Tra gli ossi più duri: il premier ungherese Viktor Orban, che ha posto il veto sul meccanismo di reinsediamenti dalla Turchia. Perplessità molto forti sono state espresse anche da Cipro, in merito all'apertura di nuovi capitoli negoziali. Molti Paesi, soprattutto quelli dell'Est ed i Baltici, hanno chiesto di rinviare tutto al vertice della settimana prossima (17 e 18 marzo) perché la proposta non è stata negoziata. Il presidente francese Francois Hollande ha storto il naso. E anche il premier Matteo Renzi, che come altri colleghi, a partire dal britannico David Cameron, ha sollevato la questione della libertà di stampa al pranzo col premier turco Ahmet Davutoglu, ha chiesto un riferimento nelle conclusioni del summit, minacciando altrimenti un veto. L'Alto rappresentante Ue Federica Mogherini ha incontrato i leader di Cipro, Germania, Francia e Regno Unito.

Il Paese della Mezzaluna, che già ospita due milioni di rifugiati, ha proposto all'Ue un sistema di reinsediamenti secondo uno scambio di 'uno a uno', dicendosi disposto a riprendere tutti i migranti che hanno raggiunto illegalmente l'Ue da una certa data in poi (e non in modo retroattivo) - sia quelli economici che i richiedenti asilo - ma per ogni profugo siriano riammesso, chiede che i Paesi dell'Unione ne accolgano uno in modo legale dal suo territorio. In contropartita Ankara ha chiesto tre miliardi aggiuntivi (oltre ai tre già previsti) per il 2018, che l'Europa dovrebbe stanziare sulla base di progetti per migliorare le condizioni di vita dei profughi; l'apertura di cinque capitoli per il processo di adesione Ue (gli stessi che aveva messo sul tavolo già a novembre); la liberalizzazione dei visti a giugno, anziché ottobre; e 'aree umanitarie sicure' in Siria.
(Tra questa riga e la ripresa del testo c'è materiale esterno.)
lemma q0_even:
  assumes "T \<ge> 1" "even N" "N \<ge> 1"
  defines "S \<equiv> cos_factor_prod (psi T N) ((N - 2) div 2)"
  shows "poly (q0 T N) 1 = poly S 1"
    "poly (q0 T N) (-1) = complex_of_real (real T / (2 + (real N - 1) * real T)) * poly S (-1)"
proof -
  define M where "M = (N - 2) div 2"
  define c where "c = real T / (2 + (real N - 1) * real T)"
  define a where "a = 1 / real T + real N - 1"
  have "N = 2 * M + 2"
    using assms(2,3) unfolding M_def by presburger
  then have N: "real N = 2 * real M + 2"
    by simp
  have T: "real T > 0" "2 + (real N - 1) * real T > 0"
    using assms(1) unfolding N by (simp_all add: add_pos_nonneg)
  have "2 * a - 2 * real M - 1 = (2 + (real N - 1) * real T) / real T"
    using T unfolding a_def N by (simp add: field_simps)
  then have real_scale: "c * (2 * a - 2 * real M - 1) = 1"
    using T unfolding c_def by simp
  have scale: "complex_of_real c * (2 * complex_of_real a - 2 * of_nat M - 1) = 1"
    using arg_cong[OF real_scale, of complex_of_real] by simp
  note q0_eval = poly_q0_eq[OF eta_even[OF assms(2), of T], folded S_def M_def c_def a_def]
  have pderiv_R: "pderiv ([:1, 1:] * S) = [:1, 1:] * pderiv S + S"
    unfolding pderiv_mult by (simp add: pderiv_pCons)
  have "poly (q0 T N) 1 = complex_of_real c * (2 * complex_of_real a - 2 * of_nat M - 1) * poly S 1"
    unfolding q0_eval pderiv_R unfolding S_def M_def
    by (simp add: poly_pderiv_cos_factor_prod_1 algebra_simps)
  then show "poly (q0 T N) 1 = poly S 1"
    by (simp add: scale)
  show "poly (q0 T N) (-1) = complex_of_real c * poly S (-1)"
    unfolding q0_eval pderiv_R by simp
qed

lemma invK_odd:
  assumes "odd N"
  shows "invK T N = 2 ^ ((N - 1) div 2) / 2 * (\<Prod>j\<in>{1..(N - 1) div 2}. 1 - cos (psi T N j))"
proof -
  define M where "M = (N - 1) div 2"
  have "N = 2 * M + 1"
    using assms unfolding M_def by presburger
  then have "(real N - 3) / 2 = real M - 1"
    by simp
  then have "2 powr ((real N - 3) / 2) = 2 powr real M / 2 powr 1"
    by (simp only: powr_diff)
  then have "2 powr ((real N - 3) / 2) = 2 ^ M / 2"
    by (simp add: powr_realpow)
  then show ?thesis
    unfolding invK_def M_def using assms by simp
qed

lemma invK_even:
  assumes "even N" "N \<ge> 1"
  shows "invK T N = 2 ^ ((N - 2) div 2) * (\<Prod>j\<in>{1..(N - 2) div 2}. 1 - cos (psi T N j))"
proof -
  define M where "M = (N - 2) div 2"
  have "N = 2 * M + 2"
    using assms unfolding M_def by presburger
  then have "(real N - 2) / 2 = real M"
    by simp
  then have "2 powr ((real N - 2) / 2) = 2 ^ M"
    by (simp add: powr_realpow)
  then show ?thesis
    unfolding invK_def M_def using assms by simp
qed

lemma invK_pos:
  assumes "T \<ge> 1" "N \<ge> 1"
  shows "invK T N > 0"
proof (cases "even N")
  case True
  have "2 * ((N - 2) div 2) < N"
    using assms(2) by simp
  from prod_one_minus_cos_psi_pos[OF assms(1) this] show ?thesis
    using assms by (simp add: invK_even True)
next
  case False
  have "2 * ((N - 1) div 2) < N"
    using assms(2) by simp
  from prod_one_minus_cos_psi_pos[OF assms(1) this] show ?thesis
    by (simp add: invK_odd False)
qed

lemma q0_at_1:
  assumes "T \<ge> 1" "N \<ge> 1"
  shows "poly (q0 T N) 1 = complex_of_real (invK T N)"
proof (cases "even N")
  case True
  then show ?thesis
    using assms by (simp add: q0_even invK_even poly_cos_factor_prod_1)
next
  case False
  then show ?thesis
    using assms by (simp add: q0_odd invK_odd poly_cos_factor_prod_1)
qed

lemma q0_at_minus_1:
  assumes "T \<ge> 1" "N \<ge> 1"
  shows "poly (q0 T N) (-1) = complex_of_real (invK T N * P_N T N)"
proof (cases "even N")
  case True
  define M where "M = (N - 2) div 2"
  define P where "P = (\<Prod>j\<in>{1..M}. 1 - cos (psi T N j))"
  define Q where "Q = (\<Prod>j\<in>{1..M}. 1 + cos (psi T N j))"
  define c where "c = real T / (2 + (real N - 1) * real T)"
  have "2 * M < N"
    using assms(2) unfolding M_def by simp
  then have pos: "P > 0" and PN: "P_N T N = c * (Q / P)"
    using True prod_one_minus_cos_psi_pos[OF assms(1)] prod_cot_half_psi_squared[OF assms(1)]
    unfolding P_N_def P_def Q_def c_def M_def[symmetric] by simp_all
  have K: "invK T N = 2 ^ M * P"
    using assms True by (simp add: invK_even M_def P_def)
  have invK_P_N: "invK T N * P_N T N = c * (2 ^ M * Q)"
    unfolding K PN using pos by simp
  show ?thesis
    unfolding invK_P_N q0_even(2)[OF assms(1) True assms(2)] poly_cos_factor_prod_minus_1
      c_def Q_def M_def
    by simp
next
  case False
  define M where "M = (N - 1) div 2"
  define P where "P = (\<Prod>j\<in>{1..M}. 1 - cos (psi T N j))"
  define Q where "Q = (\<Prod>j\<in>{1..M}. 1 + cos (psi T N j))"
  have "2 * M < N"
    using assms(2) unfolding M_def by simp
  then have pos: "P > 0" and PN: "P_N T N = Q / P"
    using False prod_one_minus_cos_psi_pos[OF assms(1)] prod_cot_half_psi_squared[OF assms(1)]
    unfolding P_N_def P_def Q_def M_def[symmetric] by simp_all
  have K: "invK T N = 2 ^ M / 2 * P"
    using False by (simp add: invK_odd M_def P_def)
  have invK_P_N: "invK T N * P_N T N = 2 ^ M * Q / 2"
    unfolding K PN using pos by simp
  show ?thesis
    unfolding invK_P_N q0_odd(2)[OF assms(1) False] poly_cos_factor_prod_minus_1 Q_def M_def
    by simp
qed

theorem mainTheorem3:
  fixes T N :: nat
  assumes "T \<ge> 1" and "N \<ge> 1"
  shows "poly (q0 T N) 1 = complex_of_real (invK T N)
    \<and> poly (smult (complex_of_real (1 / invK T N)) (q0 T N)) 1 = 1
    \<and> poly (smult (complex_of_real (1 / invK T N)) (q0 T N)) (-1) = complex_of_real (P_N T N)"
  using q0_at_1[OF assms] q0_at_minus_1[OF assms] invK_pos[OF assms] by simp

end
"E' il secondo vertice in tre mesi. Questo dimostra quanto la Turchia sia indispensabile per l'Ue" e viceversa, aveva detto Davutoglu al suo arrivo, sottolineando: "La Turchia è pronta ad essere un membro dell'Ue". L'Unione però non sembra altrettanto pronta e il vertice straordinario, che all'origine doveva durare una mezza giornata, si è trasformato in una lunga corsa a ostacoli. Durante il consesso c'è stata maretta anche sulla validità giuridica delle riammissioni prospettate. Alexis Tsipras dice di avere già un accordo in questo senso, altri però dubitano che sia giuridicamente sostenibile. Tra le varie opzioni circolate anche la possibilità di destinare i 54mila ricollocamenti, di cui mesi fa Budapest aveva rifiutato di beneficiare, ai reinsediamenti dalla Turchia. "Molti sono disponibili a questa ipotesi" anche alcuni Paesi di Visegrad, spiegano fonti diplomatiche.